Вот и я об этом же и староста многозначительно поднял палец вверх. Будем о своих сельчанах думать. Определим их жить в школу. Отведёшь и покажешь. И он строго посмотрел на полицейского.
Будет сделано, господин староста! отчеканил тот.
Через неделю зайдёте, я вам выправлю пропуска. Сказал Герасим Ильич, обращаясь к нам. Живите сколько хотите, только не озорничать и не воровать, девок не портить. Узнаю лично сдам в гестапо. Ступайте.
Мы понимали, что нам очень повезло. Ещё мы понимали, что староста специально разыграл эту сцену с приглашением полицейского, чтоб отвести от себя подозрение. Даже базу под свои действия подвёл. Умён, ничего не скажешь.
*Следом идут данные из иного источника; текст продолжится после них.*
(* Let $(\mathcal{C},\psi)$ be a t-pair and $j\in\{1,\dots,7\}$. Then $\operatorname{typ}_u(\mathcal{C},\psi)=t_j$ if and only if $\operatorname{typ}(\mathcal{C},\psi)=T_j$.
   Context: Let $\mathbb{N}=\{0,1,2,\dots\}$; for an integer $k\ge 2$ let $E_k=\{0,1,\dots,k-1\}$; let $\mathcal{P}(\mathbb{N})$ be the set of nonempty finite subsets of $\mathbb{N}$. Let $F$ be a nonempty set (of attribute names). A decision table $T\in\mathcal{M}_k(F)$ is a rectangular table with $n\ge 1$ columns labeled with attributes $f_1,\dots,f_n\in F$ (any two columns labeled with the same attribute are equal), whose rows are pairwise different tuples from $E_k^n$ (the set of rows may be empty), each row being labeled with a set of decisions from $\mathcal{P}(\mathbb{N})$. Write $At(T)=\{f_1,\dots,f_n\}$ and $\Delta(T)$ for the set of rows. For a word $\alpha=(f_{i_1},\delta_1)\cdots(f_{i_m},\delta_m)$ with $f_{i_j}\in At(T)$, $\delta_j\in E_k$, the subtable $T\alpha$ consists of the rows of $T$ having value $\delta_j$ in column $f_{i_j}$ for all $j$ ($T\lambda=T$ for the empty word $\lambda$). Operations on tables: (1) removal of a column from a table with at least two columns (if groups of equal rows appear, only the first row of each group, with its decision set, is kept); (2) changing of decisions: the decision sets attached to rows are replaced arbitrarily by sets from $\mathcal{P}(\mathbb{N})$; (3) permutation of columns: swap two columns together with their attribute labels; (4) duplication of columns: add a copy of a column (with its label) next to it. A set $\mathcal{C}\subseteq\mathcal{M}_k(F)$ is a closed class if every table obtained from a table of $\mathcal{C}$ by finitely many such operations belongs to $\mathcal{C}$. A decision tree over $\mathcal{M}_k(F)$ is a finite directed tree with a root (unique node with no entering edge) and at least two nodes such that the root and the edges leaving the root are unlabeled, each worker node (neither root nor terminal) is labeled with an attribute from $F$, each edge leaving a worker node is labeled with a number from $E_k$, and each terminal node is labeled with a number from $\mathbb{N}$. For a complete path $\xi$ (root to terminal node) whose worker nodes are labeled $f_{j_1},\dots,f_{j_m}$ in order, with the edges leaving them labeled $\delta_1,\dots,\delta_m$, put $\pi(\xi)=(f_{j_1},\delta_1)\cdots(f_{j_m},\delta_m)$, $\varphi(\xi)=f_{j_1}\cdots f_{j_m}$ (both empty if $m=0$), and let $\tau(\xi)$ be the label of its terminal node. A nondeterministic decision tree for $T$ is a decision tree $\Gamma$ whose worker-node attributes lie in $At(T)$, such that $\bigcup_{\xi}\Delta(T\pi(\xi))=\Delta(T)$ (union over complete paths), and for every row $r\in\Delta(T)$ and every complete path $\xi$ with $r\in\Delta(T\pi(\xi))$, $\tau(\xi)$ belongs to the decision set of $r$. A decision tree is deterministic if exactly one edge leaves the root and the edges leaving each worker node have pairwise different labels; a deterministic decision tree for $T$ is a deterministic decision tree that is a nondeterministic decision tree for $T$. A complexity measure over $\mathcal{M}_k(F)$ is any map $\psi:F^*\to\mathbb{N}$, where $F^*$ is the set of finite words over $F$ including the empty word $\lambda$. For a tree, $\psi(\Gamma)=\max_\xi\psi(\varphi(\xi))$ over complete paths. For $T$ with columns labeled $f_1,\dots,f_n$: $\psi^i(T)=\psi(f_1\cdots f_n)$, $\psi^d(T)$ is the minimum complexity of a deterministic decision tree for $T$, $\psi^a(T)$ the minimum complexity of a nondeterministic decision tree for $T$. A t-pair $(\mathcal{C},\psi)$ consists of a closed class $\mathcal{C}\subseteq\mathcal{M}_k(F)$ and a complexity measure $\psi$ over $\mathcal{M}_k(F)$. For $b,c\in\{i,d,a\}$ define partial functions $\mathcal{U}^{bc}_{\mathcal{C}\psi}(n)=\max\{\psi^b(T):T\in\mathcal{C},\psi^c(T)\le n\}$ (defined iff this set is nonempty and finite) and $\mathcal{L}^{bc}_{\mathcal{C}\psi}(n)=\min\{\psi^b(T):T\in\mathcal{C},\psi^c(T)\ge n\}$ (defined iff this set is nonempty). For a partial function $g:\mathbb{N}\to\mathbb{N}$ with domain $\mathrm{Dom}(g)$, let $\mathrm{Dom}^+(g)=\{n\in\mathrm{Dom}(g):g(n)\ge n\}$, $\mathrm{Dom}^-(g)=\{n\in\mathrm{Dom}(g):g(n)\le n\}$. Its type $\operatorname{typ}(g)$ is: $\alpha$ if $\mathrm{Dom}(g)$ is infinite and $g$ is bounded above; $\beta$ if $\mathrm{Dom}(g)$ is infinite, $\mathrm{Dom}^+(g)$ is finite and $g$ is unbounded above; $\gamma$ if $\mathrm{Dom}^+(g)$ and $\mathrm{Dom}^-(g)$ are both infinite; $\delta$ if $\mathrm{Dom}(g)$ is infinite and $\mathrm{Dom}^-(g)$ is finite; $\epsilon$ if $\mathrm{Dom}(g)$ is finite. The upper type $\operatorname{typ}_u(\mathcal{C},\psi)$ is the $3\times3$ table with rows and columns indexed by $i,d,a$ (in this order) with entry $\operatorname{typ}(\mathcal{U}^{bc}_{\mathcal{C}\psi})$ in row $b$, column $c$; the type $\operatorname{typ}(\mathcal{C},\psi)$ is the analogous table with entry the pair $\operatorname{typ}(\mathcal{L}^{bc}_{\mathcal{C}\psi})\operatorname{typ}(\mathcal{U}^{bc}_{\mathcal{C}\psi})$. Row by row (rows $i,d,a$; entries in columns $i,d,a$): $t_1$: all entries $\alpha$. $t_2$: $(\gamma,\epsilon,\epsilon)$; $(\alpha,\alpha,\alpha)$; $(\alpha,\alpha,\alpha)$. $t_3$: $(\gamma,\epsilon,\epsilon)$; $(\beta,\gamma,\epsilon)$; $(\alpha,\alpha,\alpha)$. $t_4$: $(\gamma,\epsilon,\epsilon)$; $(\gamma,\gamma,\epsilon)$; $(\alpha,\alpha,\alpha)$. $t_5$: $(\gamma,\epsilon,\epsilon)$; $(\gamma,\gamma,\gamma)$; $(\gamma,\gamma,\gamma)$. $t_6$: $(\gamma,\epsilon,\epsilon)$; $(\gamma,\gamma,\delta)$; $(\gamma,\gamma,\gamma)$. $t_7$: $(\gamma,\epsilon,\epsilon)$; $(\gamma,\gamma,\epsilon)$; $(\gamma,\gamma,\gamma)$. $T_1$: all entries $\epsilon\alpha$. $T_2$: $(\gamma\gamma,\epsilon\epsilon,\epsilon\epsilon)$; $(\alpha\alpha,\epsilon\alpha,\epsilon\alpha)$; $(\alpha\alpha,\epsilon\alpha,\epsilon\alpha)$. $T_3$: $(\gamma\gamma,\delta\epsilon,\epsilon\epsilon)$; $(\alpha\beta,\gamma\gamma,\epsilon\epsilon)$; $(\alpha\alpha,\alpha\alpha,\epsilon\alpha)$. $T_4$: $(\gamma\gamma,\gamma\epsilon,\epsilon\epsilon)$; $(\alpha\gamma,\gamma\gamma,\epsilon\epsilon)$; $(\alpha\alpha,\alpha\alpha,\epsilon\alpha)$. $T_5$: $(\gamma\gamma,\gamma\epsilon,\gamma\epsilon)$; $(\alpha\gamma,\gamma\gamma,\gamma\gamma)$; $(\alpha\gamma,\gamma\gamma,\gamma\gamma)$. $T_6$: $(\gamma\gamma,\gamma\epsilon,\gamma\epsilon)$; $(\alpha\gamma,\gamma\gamma,\gamma\delta)$; $(\alpha\gamma,\beta\gamma,\gamma\gamma)$. $T_7$: $(\gamma\gamma,\gamma\epsilon,\gamma\epsilon)$; $(\alpha\gamma,\gamma\gamma,\gamma\epsilon)$; $(\alpha\gamma,\alpha\gamma,\gamma\gamma)$. *)

theory Defs
  imports Main
begin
Через неделю пропуска были у нас в кармане. Мы живём в школе и ходим наниматься на работу в деревню к хозяевам, как мы тогда говорили к дядькам. Кто-то из нас подряжается за прокорм строить сарай, кто рыть колодец, кто строить изгородь и так далее. Работы в деревне хватает.
В школе нас живёт не семь человек, а гораздо больше. Кроватей в школе, разумеется, нет. Мы спим в шкафах, в которые вешали одежду дети. Сваленные на пол с закрывавшимися дверками, они служат неплохим укрытием от холода. Иногда мы эти шкафы кладём друг на друга, чтоб было теплее.
Понемногу стали обзаводится разной одежонкой, честно заработанной у хозяев.
Везение тринадцатое
Надзирать за нами в школе поручено голенастому полицейскому из местных, по кличке Сыч. Этот Сыч частенько приходит по утрам и проверяет, кто из постояльцев на месте, а кого нет. Такие обходы дают ему некоторую прибыль. Каждого, кто не был на месте из его списка, он обкладывает данью: один должен за это поставить ему литр самогона, другой убрать его подворье от навоза и так далее. Наша семёрка беглецов в школе распалась. Совершившие вместе побег, мы вскоре обросли новыми знакомствами и образовали новые небольшие товарищества в два-три человека. Сходились, как говорится, по интересам и характерам.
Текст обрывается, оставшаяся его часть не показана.